De Arakan-vluchtelingen die in de kampen wonen hebben naast voedsel, kleding en huisvesting ook dringend behoefte aan schoon drinkwater. Er is naast regenvijver en vuil kreekwater geen ander water. Daarom is het zeer dringend om in deze kampen waterputten te bouwen. Aangezien onze partnerorganisatie ons reeds op de hoogte had gesteld van deze situatie, waren wij alvorens we daar aankwamen, aangevangen met de bouw van 40 waterputten in de kampen die het nodig haddenBinnen het kader van ons hulpprogramma hebben wij de opening en controle van de putten voorts gevolgd. Bij het bezichtigen van onze waterputten hebben wij opgemerkt dat de Arakan-vluchtelingen hier hun was en afwas doen, dat kinderen en mannen erin baden maar dat bovenal schoon drinkwater hieruit wordt geleverd. Wij vinden dit een essentieel project en zullen daarom als IHH-Nederland deze putten blijven bouwen.

Het zal vergeten worden!… Het zal vergeten worden!… Het zal vergeten worden!…
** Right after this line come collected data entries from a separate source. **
(* Let $p(\cdot)\in\mathcal P^{\log}_\pm(\mathbb B)$ and let $q$ be a constant with $q>p_++1$. There exists a constant $C>0$ depending only on $p(\cdot)$ (and $n,\alpha,q$) such that for every weight $w$, $$[w]_{B_q}\le C[w]_{B^+_{p(\cdot)}}.$$ In particular $B^+_{p(\cdot)}\subset B_q$.
   Context: $\mathbb B$ unit ball of $\mathbb C^n$, $\alpha>0$, $d\mu_\alpha(z)=(1-|z|^2)^{\alpha-1}d\mu(z)$ ($\mu$ Lebesgue measure). Pseudo-distance $d(z,\zeta)=\big||z|-|\zeta|\big|+\big|1-\frac{\langle z,\zeta\rangle}{|z||\zeta|}\big|$ ($z,\zeta\neq0$), $d(z,\zeta)=|z|+|\zeta|$ otherwise; pseudo-balls $B(z,r)=\{\zeta:d(z,\zeta)<r\}$; $\mathcal B$ is the set of pseudo-balls $B(z,r)$ with $r>1-|z|$ (those whose closure meets $\partial\mathbb B$). A weight is a non-negative locally integrable function; $w(B)=\int_Bw\,d\mu_\alpha$. $\mathcal P^{\log}_\pm(\mathbb B)$: measurable $p$ with $p_-:=\operatorname{ess\,inf}p>1$ and $|p(z)-p(\zeta)|\le c/\ln(e+1/d(z,\zeta))$ for some $c$ and all $z\neq\zeta$; $p_+=\operatorname{ess\,sup}p$, $1/p+1/p'=1$. For an exponent $r(\cdot)$ with $0<r_-\le r_+<\infty$, $\|f\|_{r(\cdot)}=\inf\{\lambda>0:\int_{\mathbb B}|f/\lambda|^{r(z)}d\mu_\alpha\le1\}$. $p_B=\big(\frac1{\mu_\alpha(B)}\int_B\frac1{p}d\mu_\alpha\big)^{-1}$. $[w]_{B^+_{p(\cdot)}}=\sup_{B\in\mathcal B}\mu_\alpha(B)^{-p_B}\,w(B)\,\|w^{-1}\chi_B\|_{p'(\cdot)/p(\cdot)}$. For constant $q>1$, $[w]_{B_q}=\sup_{B\in\mathcal B}\big(\frac{1}{\mu_\alpha(B)}\int_Bw\,d\mu_\alpha\big)\big(\frac1{\mu_\alpha(B)}\int_Bw^{-1/(q-1)}d\mu_\alpha\big)^{q-1}$, and $B_q$, $B^+_{p(\cdot)}$ are the classes of weights where these are finite. *)

theory Defs
  imports "HOL-Probability.Probability"
begin

text \<open>Points of C^n are vectors of type complex^'n; 'n is a finite index type, n = CARD('n).
  The unit ball is ball 0 1 (norm = Euclidean norm).\<close>

definition cinner :: "complex^'n \<Rightarrow> complex^'n \<Rightarrow> complex" where
  "cinner z u = (\<Sum>i\<in>UNIV. z$i * cnj (u$i))"

definition pdist :: "complex^'n \<Rightarrow> complex^'n \<Rightarrow> real" where
  "pdist z u = (if z \<noteq> 0 \<and> u \<noteq> 0
     then \<bar>norm z - norm u\<bar> + cmod (1 - cinner z u / complex_of_real (norm z * norm u))
     else norm z + norm u)"

definition pball :: "complex^'n \<Rightarrow> real \<Rightarrow> (complex^'n) set" where
  "pball z r = {u \<in> ball 0 1. pdist z u < r}"

text \<open>The family of pseudo-balls whose closure meets the boundary.\<close>
definition bdry_balls :: "(complex^'n) set set" where
  "bdry_balls = {pball z r | z r. z \<in> ball 0 1 \<and> r > 1 - norm z}"

definition mu_alpha :: "real \<Rightarrow> (complex^'n) measure" where
  "mu_alpha \<alpha> = density lebesgue
     (\<lambda>z. indicator (ball 0 1) z * ennreal ((1 - (norm z)\<^sup>2) powr (\<alpha> - 1)))"

definition essinf :: "'a measure \<Rightarrow> ('a \<Rightarrow> real) \<Rightarrow> ereal" where
  "essinf M f = - esssup M (\<lambda>x. - ereal (f x))"

definition esup :: "'a measure \<Rightarrow> ('a \<Rightarrow> real) \<Rightarrow> ereal" where
  "esup M f = esssup M (\<lambda>x. ereal (f x))"

definition Plog :: "real \<Rightarrow> (complex^'n \<Rightarrow> real) \<Rightarrow> bool" where
  "Plog \<alpha> p \<longleftrightarrow> p \<in> borel_measurable (mu_alpha \<alpha>) \<and> essinf (mu_alpha \<alpha>) p > 1 \<and>
     (\<exists>c. \<forall>z\<in>ball 0 1. \<forall>u\<in>ball 0 1. z \<noteq> u \<longrightarrow>
        \<bar>p z - p u\<bar> \<le> c / ln (exp 1 + 1 / pdist z u))"

definition weight :: "(complex^'n \<Rightarrow> real) \<Rightarrow> bool" where
  "weight w \<longleftrightarrow> w \<in> borel_measurable lebesgue \<and> (\<forall>z. 0 \<le> w z) \<and>
     (\<forall>K. compact K \<and> K \<subseteq> ball 0 1 \<longrightarrow> set_integrable lebesgue K w)"

text \<open>Real power on extended non-negative reals (for positive exponents; top maps to top).\<close>
definition epowr :: "ennreal \<Rightarrow> real \<Rightarrow> ennreal" where
  "epowr x a = (if x = top then top else ennreal (enn2real x powr a))"

definition vnorm :: "'a measure \<Rightarrow> ('a \<Rightarrow> real) \<Rightarrow> ('a \<Rightarrow> ennreal) \<Rightarrow> ennreal" where
  "vnorm M r f = Inf {ennreal l | l. l > 0 \<and> (\<integral>\<^sup>+ z. epowr (f z / ennreal l) (r z) \<partial>M) \<le> 1}"

definition wmeas :: "real \<Rightarrow> (complex^'n \<Rightarrow> real) \<Rightarrow> (complex^'n) set \<Rightarrow> ennreal" where
  "wmeas \<alpha> w B = (\<integral>\<^sup>+ z\<in>B. ennreal (w z) \<partial>mu_alpha \<alpha>)"

definition winv :: "(complex^'n \<Rightarrow> real) \<Rightarrow> complex^'n \<Rightarrow> ennreal" where
  "winv w z = (if w z = 0 then top else ennreal (1 / w z))"

definition harm_mean :: "real \<Rightarrow> (complex^'n \<Rightarrow> real) \<Rightarrow> (complex^'n) set \<Rightarrow> real" where
  "harm_mean \<alpha> p B = inverse ((1 / measure (mu_alpha \<alpha>) B) *
                        (LINT z:B|mu_alpha \<alpha>. 1 / p z))"

definition conj_exp :: "(complex^'n \<Rightarrow> real) \<Rightarrow> complex^'n \<Rightarrow> real" where
  "conj_exp p z = p z / (p z - 1)"

definition Bplus_const :: "real \<Rightarrow> (complex^'n \<Rightarrow> real) \<Rightarrow> (complex^'n \<Rightarrow> real) \<Rightarrow> ennreal" where
  "Bplus_const \<alpha> p w = (SUP B\<in>bdry_balls.
      ennreal (measure (mu_alpha \<alpha>) B powr (- harm_mean \<alpha> p B)) * wmeas \<alpha> w B *
      vnorm (mu_alpha \<alpha>) (\<lambda>z. conj_exp p z / p z) (\<lambda>z. indicator B z * winv w z))"

definition Bq_const :: "real \<Rightarrow> real \<Rightarrow> (complex^'n \<Rightarrow> real) \<Rightarrow> ennreal" where
  "Bq_const \<alpha> q w = (SUP B\<in>bdry_balls.
      (wmeas \<alpha> w B / emeasure (mu_alpha \<alpha>) B) *
      epowr ((\<integral>\<^sup>+ z\<in>B. epowr (winv w z) (1 / (q - 1)) \<partial>mu_alpha \<alpha>) / emeasure (mu_alpha \<alpha>) B)
            (q - 1))"

end

theory Submission
  imports Defs
begin

text \<open>
  A boundary pseudo-ball B of radius r contains a Euclidean ball of radius min(r,1)/16 lying at
  distance at least min(r,1)/16 from the sphere, so mu(B) >= c min(r,1)^N; by the log-Hoelder
  condition, p oscillates on B by at most c/ln(e + 1/r). Together, mu(B)^(p_B - p(z)) is bounded
  uniformly in B and z in B, i.e. mu(B)^((p_B - 1)/(p(z) - 1)) <= C0 mu(B).
  Let l be admissible for the Luxemburg norm of w^(-1) on B with exponent p'/p = 1/(p - 1).
  As s = 1/(q - 1) <= 1/(p(z) - 1), splitting x^s <= t^s + t^(s - r) x^r at the level
  t = mu(B)^(1 - p_B) gives  int_B w^(-s) <= (1 + C0) mu(B)^(1 + (1 - p_B) s) l^s,  which
  rearranges to the B_q average over B being at most (1 + C0)^(q - 1) times the B+ quantity of B.\<close>

section \<open>The weighted measure\<close>

lemma sets_mu_alpha [simp, measurable_cong]: "sets (mu_alpha a) = sets lebesgue"
  by (simp add: mu_alpha_def)

lemma space_mu_alpha [simp]: "space (mu_alpha a) = UNIV"
  by (simp add: mu_alpha_def)

lemma mu_alpha_density_measurable [measurable]:
  "(\<lambda>z::'a::euclidean_space. indicator (ball 0 1) z * ennreal ((1 - (norm z)\<^sup>2) powr (a - 1)))
     \<in> borel_measurable lebesgue"
proof -
  have [measurable]: "ball (0::'a) 1 \<in> sets borel" by (simp add: borel_open)
  show ?thesis by (intro measurable_completion) measurable
qed

lemma emeasure_mu_alpha:
  "A \<in> sets lebesgue \<Longrightarrow> emeasure (mu_alpha a) A =
     (\<integral>\<^sup>+ z. indicator (ball 0 1) z * ennreal ((1 - (norm z)\<^sup>2) powr (a - 1)) * indicator A z \<partial>lebesgue)"
  unfolding mu_alpha_def by (subst emeasure_density) (auto simp: nn_integral_set_ennreal)

lemma powr_le_on_unit_interval:
  fixes t x b :: real
  assumes "0 < t" "t \<le> x" "x \<le> 1"
  shows "x powr b \<le> t powr (min 0 b)"
proof (cases "b \<ge> 0")
  case True
  then have "x powr b \<le> 1 powr b" using assms by (intro powr_mono2) auto
  then show ?thesis using True assms by simp
next
  case False
  then show ?thesis using assms by (simp add: powr_mono2')
qed

lemma powr_ge_on_unit_interval:
  fixes t x b :: real
  assumes "0 < t" "t \<le> x" "x \<le> 1"
  shows "t powr (max 0 b) \<le> x powr b"
proof (cases "b \<ge> 0")
  case True
  then show ?thesis using assms by (simp add: powr_mono2)
next
  case False
  then have "1 powr b \<le> x powr b" using assms by (intro powr_mono2') auto
  then show ?thesis using False by simp
qed

lemma one_minus_norm_le_one_minus_norm_sq:
  fixes z :: "'a::real_normed_vector"
  assumes "norm z \<le> 1"
  shows "1 - norm z \<le> 1 - (norm z)\<^sup>2"
  using assms by (simp add: power2_eq_square mult_left_le_one_le)

definition dyadic_annulus :: "nat \<Rightarrow> 'a::real_normed_vector set" where
  "dyadic_annulus k = ball 0 (1 - (1/2)^(k+1)) - ball 0 (1 - (1/2)^k)"

lemma dyadic_annulus_sets [measurable]:
  "dyadic_annulus k \<in> sets (lebesgue :: 'a::euclidean_space measure)"
  by (simp add: dyadic_annulus_def)

lemma in_dyadic_annulus:
  fixes z :: "'a::real_normed_vector"
  assumes "norm z < 1"
  obtains k where "z \<in> dyadic_annulus k" "(1/2)^(k+1) < 1 - norm z"
proof -
  define k where "k = nat \<lfloor>log 2 (1 / (1 - norm z))\<rfloor>"
  have lg: "log 2 (1 / (1 - norm z)) \<ge> 0" using assms by simp
  have "2 powr real k \<le> 1 / (1 - norm z)"
    using lg assms unfolding k_def by (simp add: le_log_iff flip: le_log_iff)
  then have lo: "1 - norm z \<le> (1/2)^k"
    using assms by (simp add: powr_realpow divide_simps power_one_over) (metis mult.commute)
  have "1 / (1 - norm z) < 2 powr (real k + 1)"
    using lg assms unfolding k_def by (simp add: log_less_iff flip: log_less_iff)
  moreover have "2 powr (real k + 1) = 2^(k+1)" by (simp add: powr_add powr_realpow)
  ultimately have hi: "(1/2)^(k+1) < 1 - norm z"
    using assms by (simp add: divide_simps power_one_over) (metis mult.commute)
  show ?thesis
    using lo hi by (intro that[of k]) (auto simp: dyadic_annulus_def)
qed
Zolang het drama van de Arakan-vluchtelingen in nieuwsitems, in politieke agenda’s en op social media blijft verschijnen, blijven mensen hier gevoelig voor. Hierdoor worden ook hulpcampagnes gestart en kan de nodige hulp deze mensen bereiken. Mensen vergeten echter heel vaak zodra de aandacht van de media wegzakt. Ervaringen tonen aan dat dit het geval is bij alle menselijke crisissen. Na een tijdje zal het drama van de Arakan-vluchtelingen vergeten worden. Deze mensen worden dan alleen aan hun lot overlaten. We zeggen altijd, roepen zelfs hard uit: Deze mensen hebben geen andere zekerheid dan hulp. Wij moeten ons bewust blijven van het feit dat elk moment dat wij onze Arakan-broeders vergeten, zij dichterbij de dood komen.

Al vergeet de wereld, wij zullen niet vergeten en wij zullen het niet laten vergeten. Wij zijn immers een gemeenschap die zich bewust is van de humanitaire en islamitische verplichtingen.